:: Input data ::
(* Let $n\ge2$, $b_1,\dots,b_n\in\mathbb{R}^d$ with $\|b_i\|\le R'$ ($R'>0$), $B=\frac1n[b_1,\dots,b_n]^T$, each $g_i^*:\mathbb{R}\to\mathbb{R}\cup\{+\infty\}$ proper, lower semicontinuous, convex, $g^*(y)=\frac1n\sum_ig_i^*(y_i)$, and $\ell:\mathbb{R}^d\to\mathbb{R}\cup\{+\infty\}$ proper, lower semicontinuous, $\sigma$-strongly convex ($\sigma\ge0$). For the VRPDA$^2$ algorithm in the context, for all $k\ge2$ and all $(u,v)\in\mathcal{X}\times\mathcal{Y}$, with expectation taken over all randomness of the algorithm, $$\begin{aligned}\mathbb{E}[\psi_k(y_k)]\ge\mathbb{E}\Big[&\psi_{k-1}(y_{k-1})+\frac n2\|y_k-y_{k-1}\|^2+a_kg^*_{j_k}(y_{k,j_k})\\&+a_k\langle B(x_k-x_{k-1}),y_k-v\rangle-a_{k-1}\langle B(x_{k-1}-x_{k-2}),y_{k-1}-v\rangle\\&-na_{k-1}\langle B(x_{k-1}-x_{k-2}),y_k-y_{k-1}\rangle+a_k\langle-Bx_k,y_k-v\rangle\\&-(n-1)a_k\big(\langle B(x_{k-1}-u),y_k-y_{k-1}\rangle+\langle Bu,y_k-y_{k-1}\rangle\big)\Big],\end{aligned}$$ $$\mathbb{E}[\phi_k(x_k)]\ge\mathbb{E}\Big[\phi_{k-1}(x_{k-1})+\frac{n+\sigma A_{k-1}}{2}\|x_k-x_{k-1}\|^2+a_k\big(\langle x_k-u,B^Ty_k\rangle+(n-1)\langle x_k-u,B^T(y_k-y_{k-1})\rangle+\ell(x_k)\big)\Big].$$
   Context: Norms are Euclidean; $\sigma$-strong convexity of $f$ means $f((1-\alpha)x+\alpha\hat x)\le(1-\alpha)f(x)+\alpha f(\hat x)-\frac\sigma2\alpha(1-\alpha)\|\hat x-x\|^2$. $\mathcal{X}=\mathrm{dom}(\ell)$, $\mathcal{Y}=\mathrm{dom}(g^* )$; $y_{k,j}$ is the $j$-th coordinate of $y_k$. VRPDA$^2$ algorithm: given $(x_0,y_0),(u,v)\in\mathcal{X}\times\mathcal{Y}$: $\phi_0(x)=\frac12\|x-x_0\|^2$, $\psi_0(y)=\frac12\|y-y_0\|^2$, $a_0=A_0=0$, $\tilde a_1=\frac1{2R'}$; $\tilde\psi_1(y)=\psi_0(y)+\tilde a_1(\langle-Bx_0,y-v\rangle+g^*(y))$, $y_1=\arg\min\tilde\psi_1$; $z_1=B^Ty_1$; $\tilde\phi_1(x)=\phi_0(x)+\tilde a_1(\langle x-u,z_1\rangle+\ell(x))$, $x_1=\arg\min\tilde\phi_1$; $\psi_1=n\tilde\psi_1$, $\phi_1=n\tilde\phi_1$, $a_1=A_1=n\tilde a_1$, $a_2=\frac{a_1}{n-1}$, $A_2=A_1+a_2$. For $k=2,3,\dots$: $\bar x_{k-1}=x_{k-1}+\frac{a_{k-1}}{a_k}(x_{k-1}-x_{k-2})$; pick $j_k$ uniformly at random from $\{1,\dots,n\}$, independently of the past; $\psi_k(y)=\psi_{k-1}(y)+a_k(-b_{j_k}^T\bar x_{k-1}(y_{j_k}-v_{j_k})+g^*_{j_k}(y_{j_k}))$, $y_k=\arg\min_y\psi_k(y)$; $\phi_k(x)=\phi_{k-1}(x)+a_k(\langle x-u,z_{k-1}+(y_{k,j_k}-y_{k-1,j_k})b_{j_k}\rangle+\ell(x))$, $x_k=\arg\min_x\phi_k(x)$; $z_k=z_{k-1}+\frac1n(y_{k,j_k}-y_{k-1,j_k})b_{j_k}$; $a_{k+1}=\min\{(1+\frac1{n-1})a_k,\frac{\sqrt{n(n+\sigma A_k)}}{2R'}\}$, $A_{k+1}=A_k+a_{k+1}$. *)

theory Defs
  imports "HOL-Analysis.Analysis" "HOL-Library.Extended_Real"
begin

definition proper_fun :: "('a \<Rightarrow> ereal) \<Rightarrow> bool" where
  "proper_fun f \<longleftrightarrow> (\<forall>x. f x \<noteq> -\<infinity>) \<and> (\<exists>x. f x \<noteq> \<infinity>)"

definition lsc_fun :: "('a::topological_space \<Rightarrow> ereal) \<Rightarrow> bool" where
  "lsc_fun f \<longleftrightarrow> (\<forall>x. f x \<le> Liminf (at x) f)"

definition convex_fun :: "('a::real_vector \<Rightarrow> ereal) \<Rightarrow> bool" where
  "convex_fun f \<longleftrightarrow> (\<forall>x y \<alpha>. 0 < \<alpha> \<and> \<alpha> < 1 \<longrightarrow>
      f ((1 - \<alpha>) *\<^sub>R x + \<alpha> *\<^sub>R y) \<le> ereal (1 - \<alpha>) * f x + ereal \<alpha> * f y)"

definition strongly_convex_fun :: "real \<Rightarrow> ('a::real_normed_vector \<Rightarrow> ereal) \<Rightarrow> bool" where
  "strongly_convex_fun \<sigma> f \<longleftrightarrow> (\<forall>x y \<alpha>. 0 < \<alpha> \<and> \<alpha> < 1 \<longrightarrow>
      f ((1 - \<alpha>) *\<^sub>R x + \<alpha> *\<^sub>R y) \<le> ereal (1 - \<alpha>) * f x + ereal \<alpha> * f y
        - ereal (\<sigma> / 2 * \<alpha> * (1 - \<alpha>) * (norm (y - x))\<^sup>2))"
lemma two_le_card_moved:
  assumes "finite S" "inj_on f S" "f ` S \<subseteq> S" "i \<in> S" "f i \<noteq> i"
  shows "2 \<le> card (moved f S)"
proof -
  have "f (f i) \<noteq> f i"
    using assms inj_onD[of f S "f i" i] by blast
  then have "{i, f i} \<subseteq> moved f S"
    using assms unfolding moved_def by auto
  then have "card {i, f i} \<le> card (moved f S)"
    by (rule card_mono[rotated]) (simp add: moved_def \<open>finite S\<close>)
  then show ?thesis using \<open>f i \<noteq> i\<close> by simp
qed

lemma objective_perm_matrix:
  assumes "\<forall>i\<in>{1..N}. f i \<in> {1..N}"
  shows "objective N (perm_matrix f) = int (card (moved f {1..N}))"
proof -
  have "objective N (perm_matrix f) = (\<Sum>i\<in>{1..N}. of_bool (f i \<noteq> i))"
    unfolding objective_def using assms by (intro sum.cong) (auto simp: sum_perm_matrix_row)
  also have "\<dots> = int (card (moved f {1..N}))"
    unfolding moved_def by (rule sum_of_bool_eq_card) simp
  finally show ?thesis .
qed

lemma permutation_of_perm_matrix:
  assumes x01: "\<forall>i\<in>{1..N}. \<forall>j\<in>{1..N}. x i j \<in> {0, 1}"
    and row: "\<forall>i\<in>{1..N}. (\<Sum>j\<in>{1..N}. x i j) = (1::int)"
    and col: "\<forall>j\<in>{1..N}. (\<Sum>i\<in>{1..N}. x i j) = 1"
    and \<sigma>: "\<forall>i\<in>{1..N}. \<forall>j\<in>{1..N}. \<sigma> i = j \<longleftrightarrow> x i j = 1"
  shows "bij_betw \<sigma> {1..N} {1..N}" and "\<forall>i\<in>{1..N}. \<forall>j\<in>{1..N}. x i j = perm_matrix \<sigma> i j"
proof -
  show x_eq: "\<forall>i\<in>{1..N}. \<forall>j\<in>{1..N}. x i j = perm_matrix \<sigma> i j"
    using x01 \<sigma> unfolding perm_matrix_def by fastforce
  have maps: "\<sigma> i \<in> {1..N}" if i: "i \<in> {1..N}" for i
  proof (rule ccontr)
    assume "\<sigma> i \<notin> {1..N}"
    then have "\<forall>j\<in>{1..N}. x i j = 0"
      using x_eq i unfolding perm_matrix_def by auto
    then have "(\<Sum>j\<in>{1..N}. x i j) = 0" by simp
    with row i show False by simp
  qed
  have "inj_on \<sigma> {1..N}"
  proof (rule inj_onI, rule ccontr)
    fix i i' assume i: "i \<in> {1..N}" and i': "i' \<in> {1..N}" and eq: "\<sigma> i = \<sigma> i'" and "i \<noteq> i'"
    then have "card {i, i'} \<le> card {k\<in>{1..N}. \<sigma> k = \<sigma> i}"
      by (intro card_mono) auto
    moreover have "(\<Sum>k\<in>{1..N}. x k (\<sigma> i)) = int (card {k\<in>{1..N}. \<sigma> k = \<sigma> i})"
      using x_eq maps[OF i] sum_perm_matrix_col[of "{1..N}" \<sigma> "\<sigma> i"] by simp
    ultimately show False
      using col maps[OF i] \<open>i \<noteq> i'\<close> by fastforce
  qed
  moreover have "\<sigma> ` {1..N} \<subseteq> {1..N}"
    using maps by blast
  ultimately show "bij_betw \<sigma> {1..N} {1..N}"
    using endo_inj_surj[of "{1..N}" \<sigma>] by (simp add: bij_betw_def)
qed

lemma sum_perm_matrix_col_bij:
  assumes "finite A" "bij_betw f A A" "j \<in> A"
  shows "(\<Sum>i\<in>A. perm_matrix f i j) = 1"
proof -
  obtain i where "i \<in> A" "f i = j"
    using assms(2,3) by (metis bij_betw_iff_bijections)
  then have "{k\<in>A. f k = j} = {i}"
    using assms(2) by (auto simp: bij_betw_def dest: inj_onD)
  then show ?thesis
    using assms(1) by (simp add: sum_perm_matrix_col)
qed

lemma perm_matrix_zero_across_weights_iff:
  assumes "\<forall>i\<in>A. f i \<in> A"
  shows "(\<forall>i\<in>A. \<forall>j\<in>A. w i \<noteq> w j \<longrightarrow> perm_matrix f i j = 0) \<longleftrightarrow> (\<forall>i\<in>A. w (f i) = w i)"
  using assms unfolding perm_matrix_def by fastforce

lemma feasible_cong:
  assumes cand: "\<forall>c\<in>{1..C}. cand c \<subseteq> {1..N}" and beta: "\<forall>b\<in>{1..B}. beta b \<subseteq> {1..N}"
    and eq: "\<forall>i\<in>{1..N}. \<forall>j\<in>{1..N}. x i j = y i j"
  shows "feasible N C cand v B beta x \<longleftrightarrow> feasible N C cand v B beta y"
proof -
  have "(\<Sum>i\<in>cand c. \<Sum>j\<in>beta b. x i j) = (\<Sum>i\<in>cand c. \<Sum>j\<in>beta b. y i j)"
    if "b \<in> {1..B}" "c \<in> {1..C}" for b c
    using that cand beta eq by (intro sum.cong refl) blast
  moreover have "(\<Sum>j\<in>{1..N}. x i j) = (\<Sum>j\<in>{1..N}. y i j)" if "i \<in> {1..N}" for i
    using that eq by (intro sum.cong) auto
  moreover have "(\<Sum>i\<in>{1..N}. x i j) = (\<Sum>i\<in>{1..N}. y i j)" if "j \<in> {1..N}" for j
    using that eq by (intro sum.cong) auto
  moreover have "(\<Sum>i\<in>{1..N}. x i i) = (\<Sum>i\<in>{1..N}. y i i)"
    using eq by (intro sum.cong) auto
  ultimately show ?thesis
    unfolding feasible_def using eq by auto
qed

text \<open>Constraints (3)--(5) for the permutation matrix of f; (1) and (2) amount to f being a bijection.\<close>

definition admissible_perm :: "nat \<Rightarrow> nat \<Rightarrow> (nat \<Rightarrow> nat set) \<Rightarrow> (nat \<Rightarrow> nat) \<Rightarrow> nat
    \<Rightarrow> (nat \<Rightarrow> nat set) \<Rightarrow> (nat \<Rightarrow> nat) \<Rightarrow> bool" where
  "admissible_perm N C cand v B beta f \<longleftrightarrow>
     bij_betw f {1..N} {1..N} \<and> 2 \<le> card (moved f {1..N}) \<and>
     (\<forall>b\<in>{1..B}. \<forall>c\<in>{1..C}. card {i\<in>cand c. f i \<in> beta b} \<le> v c) \<and>
     (\<forall>i\<in>{1..N}. card {b\<in>{1..B}. f i \<in> beta b} = card {b\<in>{1..B}. i \<in> beta b})"

lemma admissible_perm_not_id:
  assumes "admissible_perm N C cand v B beta f"
  shows "\<exists>i\<in>{1..N}. f i \<noteq> i"
proof -
  have "moved f {1..N} \<noteq> {}"
    using assms unfolding admissible_perm_def by auto
  then show ?thesis
    unfolding moved_def by blast
qed

lemma feasible_perm_matrix_iff:
  assumes bij: "bij_betw f {1..N} {1..N}"
    and cand: "\<forall>c\<in>{1..C}. cand c \<subseteq> {1..N}" and beta: "\<forall>b\<in>{1..B}. beta b \<subseteq> {1..N}"
  shows "feasible N C cand v B beta (perm_matrix f) \<longleftrightarrow> admissible_perm N C cand v B beta f"
proof -
  have maps: "f i \<in> {1..N}" if "i \<in> {1..N}" for i
    using bij that bij_betwE by blast
  have rows: "(\<Sum>j\<in>{1..N}. perm_matrix f i j) = 1" if "i \<in> {1..N}" for i
    using maps[OF that] by (simp add: sum_perm_matrix_row)
  have cols: "(\<Sum>i\<in>{1..N}. perm_matrix f i j) = 1" if "j \<in> {1..N}" for j
    using finite_atLeastAtMost bij that by (rule sum_perm_matrix_col_bij)
  have diag: "(\<Sum>i\<in>{1..N}. perm_matrix f i i) \<le> int N - 2 \<longleftrightarrow> 2 \<le> card (moved f {1..N})"
  proof -
    have "(\<Sum>i\<in>{1..N}. perm_matrix f i i) = int (card {i\<in>{1..N}. f i = i})"
      unfolding perm_matrix_def by (rule sum_of_bool_eq_card) simp
    moreover have "card (moved f {1..N}) \<le> card {1..N}"
      by (rule card_mono) (auto simp: moved_def)
    ultimately show ?thesis
      using card_fixed_points[of "{1..N}" f] by simp
  qed
  have limits: "(\<Sum>i\<in>cand c. \<Sum>j\<in>beta b. perm_matrix f i j) = int (card {i\<in>cand c. f i \<in> beta b})"
    if "b \<in> {1..B}" "c \<in> {1..C}" for b c
  proof -
    have "finite (beta b)" "finite (cand c)"
      using that cand beta by (meson finite_atLeastAtMost finite_subset)+
    then show ?thesis
      by (simp add: sum_perm_matrix_row sum_of_bool_eq_card del: sum_of_bool_eq)
  qed
  have counts: "(\<forall>i\<in>{1..N}. \<forall>j\<in>{1..N}. card {b\<in>{1..B}. i \<in> beta b} \<noteq> card {b\<in>{1..B}. j \<in> beta b}
        \<longrightarrow> perm_matrix f i j = 0)
      \<longleftrightarrow> (\<forall>i\<in>{1..N}. card {b\<in>{1..B}. f i \<in> beta b} = card {b\<in>{1..B}. i \<in> beta b})"
    using perm_matrix_zero_across_weights_iff[of "{1..N}" f "\<lambda>i. card {b\<in>{1..B}. i \<in> beta b}"] maps
    by blast
  have entries: "\<forall>i\<in>{1..N}. \<forall>j\<in>{1..N}. perm_matrix f i j \<in> {0, 1}"
    by (simp add: perm_matrix_def)
  show ?thesis
    unfolding feasible_def admissible_perm_def
    using bij entries rows cols diag limits counts by auto
qed

lemma Tsigma_eq_Tstar:
  assumes inj: "inj_on \<sigma> (cand c)"
    and limit: "\<forall>b\<in>{1..B}. card {j\<in>cand c. \<sigma> j \<in> beta b} \<le> v c"
    and valid: "\<forall>b\<in>{1..B}. card (cand c \<inter> beta b) \<le> v c"
    and count: "card {b\<in>{1..B}. \<sigma> i \<in> beta b} = card {b\<in>{1..B}. i \<in> beta b}"
  shows "Tsigma \<sigma> cand v B beta c i = Tstar cand v B beta c i"
proof -
  have "card {\<sigma> j |j. j \<in> cand c \<and> \<sigma> j \<in> beta b} = card {j\<in>cand c. \<sigma> j \<in> beta b}" for b
  proof -
    have "{\<sigma> j |j. j \<in> cand c \<and> \<sigma> j \<in> beta b} = \<sigma> ` {j\<in>cand c. \<sigma> j \<in> beta b}"
      by auto
    then show ?thesis
      using inj by (simp add: card_image inj_on_subset)
  qed
  then show ?thesis
    unfolding Tsigma_def Tstar_def using limit valid count by (simp cong: conj_cong)
qed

:: Exercise description ::
Scan the listing above and copy all lines containing the word "diag".

:: Task output ::
  have diag: "(\<Sum>i\<in>{1..N}. perm_matrix f i i) \<le> int N - 2 \<longleftrightarrow> 2 \<le> card (moved f {1..N})"
    using bij entries rows cols diag limits counts by auto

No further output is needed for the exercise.